I’m not waiting until it becomes a psychological, psychiatric illness or a mental health problem, but sometimes those issues do arise.  I do say we try to work early with families to think how they will manage as their child grows and develops as a family and how they will deal with, as you say, the difficulties and challenges that society throws at them.


This lady talked about normalizing the conditions.  I think that’s really an important point-of-view because from my opinion, I think cleft lip and palate is such a very common condition, if you like, and there is very little awareness on the national level about this condition. I think it’s probably easier for people to explain to other parents and for children to explain if there’s an existing level of awareness because if you have a starting point to start discussing the condition and talk about it, it does become more normal as you say.

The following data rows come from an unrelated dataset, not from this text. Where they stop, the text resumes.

fun open_k :: "nat \<Rightarrow> ty \<Rightarrow> ty \<Rightarrow> ty" where
  "open_k k t TUnit = TUnit"
| "open_k k t (Bound i) = (if i = k then t else Bound i)"
| "open_k k t (TVar a) = TVar a"
| "open_k k t (EVar a) = EVar a"
| "open_k k t (All A) = All (open_k (Suc k) t A)"
| "open_k k t (Arr A B) = Arr (open_k k t A) (open_k k t B)"

definition open_typ :: "ty \<Rightarrow> ty \<Rightarrow> ty" where
  "open_typ A t = open_k 0 t A"

fun ftv :: "ty \<Rightarrow> nat set" where
  "ftv (TVar a) = {a}"
| "ftv (All A) = ftv A"
| "ftv (Arr A B) = ftv A \<union> ftv B"
| "ftv _ = {}"

fun fev :: "ty \<Rightarrow> nat set" where
  "fev (EVar a) = {a}"
| "fev (All A) = fev A"
| "fev (Arr A B) = fev A \<union> fev B"
| "fev _ = {}"

fun mono :: "ty \<Rightarrow> bool" where
  "mono TUnit = True"
| "mono (Bound i) = False"
| "mono (TVar a) = True"
| "mono (EVar a) = True"
| "mono (All A) = False"
| "mono (Arr A B) = (mono A \<and> mono B)"

definition decl_typ :: "ty \<Rightarrow> bool" where
  "decl_typ A \<longleftrightarrow> fev A = {}"

fun subst_ev :: "nat \<Rightarrow> ty \<Rightarrow> ty \<Rightarrow> ty" where
  "subst_ev a t (EVar b) = (if a = b then t else EVar b)"
| "subst_ev a t (All A) = All (subst_ev a t A)"
| "subst_ev a t (Arr A B) = Arr (subst_ev a t A) (subst_ev a t B)"
| "subst_ev a t A = A"

text \<open>Context entries; contexts are lists, the rightmost element being the
most recently added one (Gamma, x  =  Gamma @ [x]).\<close>
datatype entry = CTVar nat | CVar nat ty | CEVar nat | CSolved nat ty | CMarker nat

type_synonym ctx = "entry list"

fun tdom_e :: "entry \<Rightarrow> nat set" where
  "tdom_e (CTVar a) = {a}" | "tdom_e _ = {}"
fun vdom_e :: "entry \<Rightarrow> nat set" where
  "vdom_e (CVar x A) = {x}" | "vdom_e _ = {}"
fun edom_e :: "entry \<Rightarrow> nat set" where
  "edom_e (CEVar a) = {a}" | "edom_e (CSolved a t) = {a}" | "edom_e _ = {}"
fun mdom_e :: "entry \<Rightarrow> nat set" where
  "mdom_e (CMarker a) = {a}" | "mdom_e _ = {}"

definition tdom :: "ctx \<Rightarrow> nat set" where "tdom G = (\<Union>e\<in>set G. tdom_e e)"
definition vdom :: "ctx \<Rightarrow> nat set" where "vdom G = (\<Union>e\<in>set G. vdom_e e)"
definition edom :: "ctx \<Rightarrow> nat set" where "edom G = (\<Union>e\<in>set G. edom_e e)"
definition mdom :: "ctx \<Rightarrow> nat set" where "mdom G = (\<Union>e\<in>set G. mdom_e e)"

text \<open>Well-formedness of types: wft_k G k A, where k counts enclosing binders.
Gamma |- A is wft G A (k = 0).\<close>
fun wft_k :: "ctx \<Rightarrow> nat \<Rightarrow> ty \<Rightarrow> bool" where
  "wft_k G k TUnit = True"
| "wft_k G k (Bound i) = (i < k)"
| "wft_k G k (TVar a) = (a \<in> tdom G)"
| "wft_k G k (EVar a) = (a \<in> edom G)"
| "wft_k G k (All A) = wft_k G (Suc k) A"
| "wft_k G k (Arr A B) = (wft_k G k A \<and> wft_k G k B)"

definition wft :: "ctx \<Rightarrow> ty \<Rightarrow> bool" where
  "wft G A = wft_k G 0 A"

inductive wf_ctx :: "ctx \<Rightarrow> bool" where
  wf_nil: "wf_ctx []"
| wf_tvar: "wf_ctx G \<Longrightarrow> a \<notin> tdom G \<Longrightarrow> wf_ctx (G @ [CTVar a])"
| wf_var: "wf_ctx G \<Longrightarrow> x \<notin> vdom G \<Longrightarrow> wft G A \<Longrightarrow> wf_ctx (G @ [CVar x A])"
| wf_evar: "wf_ctx G \<Longrightarrow> a \<notin> edom G \<Longrightarrow> wf_ctx (G @ [CEVar a])"
| wf_solved: "wf_ctx G \<Longrightarrow> a \<notin> edom G \<Longrightarrow> mono t \<Longrightarrow> wft G t \<Longrightarrow> wf_ctx (G @ [CSolved a t])"
| wf_marker: "wf_ctx G \<Longrightarrow> a \<notin> edom G \<Longrightarrow> a \<notin> mdom G \<Longrightarrow> wf_ctx (G @ [CMarker a])"

fun decl_entry :: "entry \<Rightarrow> bool" where
  "decl_entry (CTVar a) = True"
| "decl_entry (CVar x A) = decl_typ A"
| "decl_entry _ = False"

definition decl_ctx :: "ctx \<Rightarrow> bool" where
  "decl_ctx G \<longleftrightarrow> (\<forall>e\<in>set G. decl_entry e)"

text \<open>Applying a context as a substitution, [Gamma]A: solutions are substituted
from the right end of the context to the left, so that the solution of a variable
(which only mentions variables to its left) is itself resolved afterwards.\<close>
fun app_entry :: "entry \<Rightarrow> ty \<Rightarrow> ty" where
  "app_entry (CSolved a t) A = subst_ev a t A"
| "app_entry _ A = A"

definition applyc :: "ctx \<Rightarrow> ty \<Rightarrow> ty" where
  "applyc G A = foldr app_entry G A"

inductive decl_sub :: "ctx \<Rightarrow> ty \<Rightarrow> ty \<Rightarrow> bool" where
  dsub_var: "a \<in> tdom P \<Longrightarrow> decl_sub P (TVar a) (TVar a)"
| dsub_unit: "decl_sub P TUnit TUnit"
| dsub_arr: "decl_sub P B1 A1 \<Longrightarrow> decl_sub P A2 B2 \<Longrightarrow> decl_sub P (Arr A1 A2) (Arr B1 B2)"
| dsub_allL: "mono t \<Longrightarrow> decl_typ t \<Longrightarrow> wft P t \<Longrightarrow> decl_sub P (open_typ A t) B
    \<Longrightarrow> decl_sub P (All A) B"
| dsub_allR: "b \<notin> tdom P \<Longrightarrow> b \<notin> ftv A \<Longrightarrow> b \<notin> ftv B
    \<Longrightarrow> decl_sub (P @ [CTVar b]) A (open_typ B (TVar b)) \<Longrightarrow> decl_sub P A (All B)"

I was interested if the team, if you know when you have parents coming to you for the first time with a diagnosis of cleft lip and palate, how many of those parents, do you know, are aware of the condition beforehand?


Heather McClements:

Nationally, I think, the pickup rate for the antenatal diagnosis of cleft lip is about 83%, and obviously, palates we can’t detect at all.  So, the parents who worry about their child’s speech from the palate point-of-view have had no support. One good role of your nurse specialist won’t just be feeding.  It will be lots of counseling and help from the antenatal diagnosis to hopefully prevent some of the later feelings of outsidedness and not being a part of our team because our team isn’t just us.

Our team is you and the child, and we want you to be part of our team, not “We’re the patient, they’re the team”.  We want you to be a part of our team.


Thank you.  What I actually wanted to know, though, was how many parents who come are aware of the condition beforehand?


Heather McClements:

Oh, sorry.  Not many.  I must admit.  When I speak to them or meet them antenatally or when they’re born, they say, “I’ve never come across anybody with a cleft before,” or they may have preconceived ideas of they know an adult with a cleft who maybe didn’t get quite the good repair that they do nowadays.  So, before, they’ve got a preconceived idea about how their child will look.

We do get a few that know somebody who got a cleft, but the majority of the patients have never come across clefts before and had no idea about them and never even thought that their child could have a cleft.